# Problem description:
Every line from the top of the material through the line holding "proof (rule bdd_aboveI2)" should be copied exactly, and only those lines.

# Supplied data:
lemma is_lip_with_lipconst:
  assumes "is_lip g"
  shows "is_lip_with (lipconst g) g"
  unfolding is_lip_with_def
proof (intro ballI)
  obtain l where l: "is_lip_with l g" using assms by (auto simp: is_lip_def)
  let ?P = "{(p, q). p \<in> Sq \<and> q \<in> Sq \<and> p \<noteq> q}"
  let ?r = "\<lambda>pq. \<bar>g (fst pq) - g (snd pq)\<bar> / dsup (fst pq) (snd pq)"
  have dsup_pos: "0 < dsup p q" if "p \<noteq> q" for p q :: "real \<times> real"
    using that by (cases p; cases q) (auto simp: dsup_def)
  have bdd: "bdd_above (?r ` ?P)"
  proof (rule bdd_aboveI2)
    fix pq assume "pq \<in> ?P"
    then obtain p q where pq: "pq = (p, q)" "p \<in> Sq" "q \<in> Sq" "p \<noteq> q" by auto
    then have "\<bar>g p - g q\<bar> \<le> l * dsup p q" using l by (auto simp: is_lip_with_def)
    then show "?r pq \<le> l" using dsup_pos[OF pq(4)] pq by (simp add: divide_le_eq)
  qed
  fix p q assume pq: "p \<in> Sq" "q \<in> Sq"
  show "\<bar>g p - g q\<bar> \<le> lipconst g * dsup p q"
  proof (cases "p = q")
    case False
    then have "?r (p, q) \<le> lipconst g"
      unfolding lipconst_def using pq by (intro cSUP_upper[OF _ bdd]) auto
    then show ?thesis using dsup_pos[OF False] by (simp add: divide_le_eq)
  qed (simp add: dsup_def)
qed

lemma is_lip_with_abs_diff_le:
  assumes "is_lip_with l f" "p \<in> Sq" "q \<in> Sq"
  shows "\<bar>f p - f q\<bar> \<le> l"
proof -
  have "\<bar>f p - f q\<bar> \<le> l * dsup p q" using assms by (auto simp: is_lip_with_def)
  also have "\<dots> \<le> l" using dsup_le_1[OF assms(2,3)] is_lip_with_nonneg[OF assms(1)] by (simp add: mult_left_le)
  finally show ?thesis .
qed

lemma is_lip_with_abs_le_SUP:
  assumes "is_lip_with l f" "p \<in> Sq"
  shows "\<bar>f p\<bar> \<le> (SUP q\<in>Sq. \<bar>f q\<bar>)"
proof (rule cSUP_upper[OF assms(2)], rule bdd_aboveI2)
  fix q assume "q \<in> Sq"
  moreover have "(0, 0) \<in> Sq" by (simp add: Sq_def Iv_def)
  ultimately have "\<bar>f q - f (0, 0)\<bar> \<le> l" by (rule is_lip_with_abs_diff_le[OF assms(1)])
  then show "\<bar>f q\<bar> \<le> \<bar>f (0, 0)\<bar> + l" by linarith
qed

lemma abs_diff_le_totvar:
  assumes "is_BV f" "x \<in> Iv" "y \<in> Iv"
  shows "\<bar>f x - f y\<bar> \<le> totvar f"
proof -
  have "\<bar>f (max x y) - f (min x y)\<bar> \<in> var_sums f"
    unfolding var_sums_def using assms(2,3)
    by (intro CollectI exI[of _ "[min x y, max x y]"]) (auto simp: min_def max_def)
  then have "\<bar>f (max x y) - f (min x y)\<bar> \<le> totvar f"
    unfolding totvar_def using assms(1) by (simp add: is_BV_def cSup_upper)
  then show ?thesis by (auto simp: min_def max_def split: if_splits)
qed

lemma sets_mI: "sets mI = sets (restrict_space borel Iv)"
  by (simp add: mI_def sets_restrict_space)

lemma space_mI: "space mI = Iv"
  by (simp add: mI_def space_restrict_space)

lemma prob_space_mI: "prob_space mI"
  unfolding mI_def by (rule prob_space_restrict_space) (auto simp: Iv_def)

lemma BVnorm_le:
  assumes bv: "is_BV f" and int: "integrable mI f"
  shows "BVnorm f \<le> \<bar>\<integral>x. f x \<partial>mI\<bar> + 2 * totvar f"
proof -
  interpret mI: prob_space mI by (rule prob_space_mI)
  have "\<bar>f x0\<bar> \<le> \<bar>\<integral>x. f x \<partial>mI\<bar> + totvar f" if x0: "x0 \<in> Iv" for x0
  proof -
    have osc: "f x0 - totvar f \<le> f x \<and> f x \<le> f x0 + totvar f" if "x \<in> space mI" for x
      using abs_diff_le_totvar[OF bv _ x0, of x] that by (simp add: space_mI abs_le_iff)
    have "(\<integral>x. f x0 - totvar f \<partial>mI) \<le> (\<integral>x. f x \<partial>mI)"
      by (rule integral_mono) (use int osc in auto)
    moreover have "(\<integral>x. f x \<partial>mI) \<le> (\<integral>x. f x0 + totvar f \<partial>mI)"
      by (rule integral_mono) (use int osc in auto)
    ultimately show ?thesis by (auto simp: mI.prob_space)
  qed
  then have "(SUP x\<in>Iv. \<bar>f x\<bar>) \<le> \<bar>\<integral>x. f x \<partial>mI\<bar> + totvar f"
    by (intro cSUP_least) (auto simp: Iv_def)
  then show ?thesis by (simp add: BVnorm_def)
qed

lemma (in prob_space) abs_integral_diff_le:
  fixes f g :: "'a \<Rightarrow> real"
  assumes "integrable M f" "integrable M g" "\<And>x. x \<in> space M \<Longrightarrow> \<bar>f x - g x\<bar> \<le> e"
  shows "\<bar>(\<integral>x. f x \<partial>M) - (\<integral>x. g x \<partial>M)\<bar> \<le> e"
proof -
  have "\<bar>(\<integral>x. f x \<partial>M) - (\<integral>x. g x \<partial>M)\<bar> = \<bar>\<integral>x. f x - g x \<partial>M\<bar>"
    using assms by simp
  also have "\<dots> \<le> (\<integral>x. \<bar>f x - g x\<bar> \<partial>M)" by (rule integral_abs_bound)
  also have "\<dots> \<le> (\<integral>x. e \<partial>M)" using assms by (intro integral_mono) auto
  finally show ?thesis by (simp add: prob_space)
qed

# Written response:
lemma is_lip_with_lipconst:
  assumes "is_lip g"
  shows "is_lip_with (lipconst g) g"
  unfolding is_lip_with_def
proof (intro ballI)
  obtain l where l: "is_lip_with l g" using assms by (auto simp: is_lip_def)
  let ?P = "{(p, q). p \<in> Sq \<and> q \<in> Sq \<and> p \<noteq> q}"
  let ?r = "\<lambda>pq. \<bar>g (fst pq) - g (snd pq)\<bar> / dsup (fst pq) (snd pq)"
  have dsup_pos: "0 < dsup p q" if "p \<noteq> q" for p q :: "real \<times> real"
    using that by (cases p; cases q) (auto simp: dsup_def)
  have bdd: "bdd_above (?r ` ?P)"
  proof (rule bdd_aboveI2)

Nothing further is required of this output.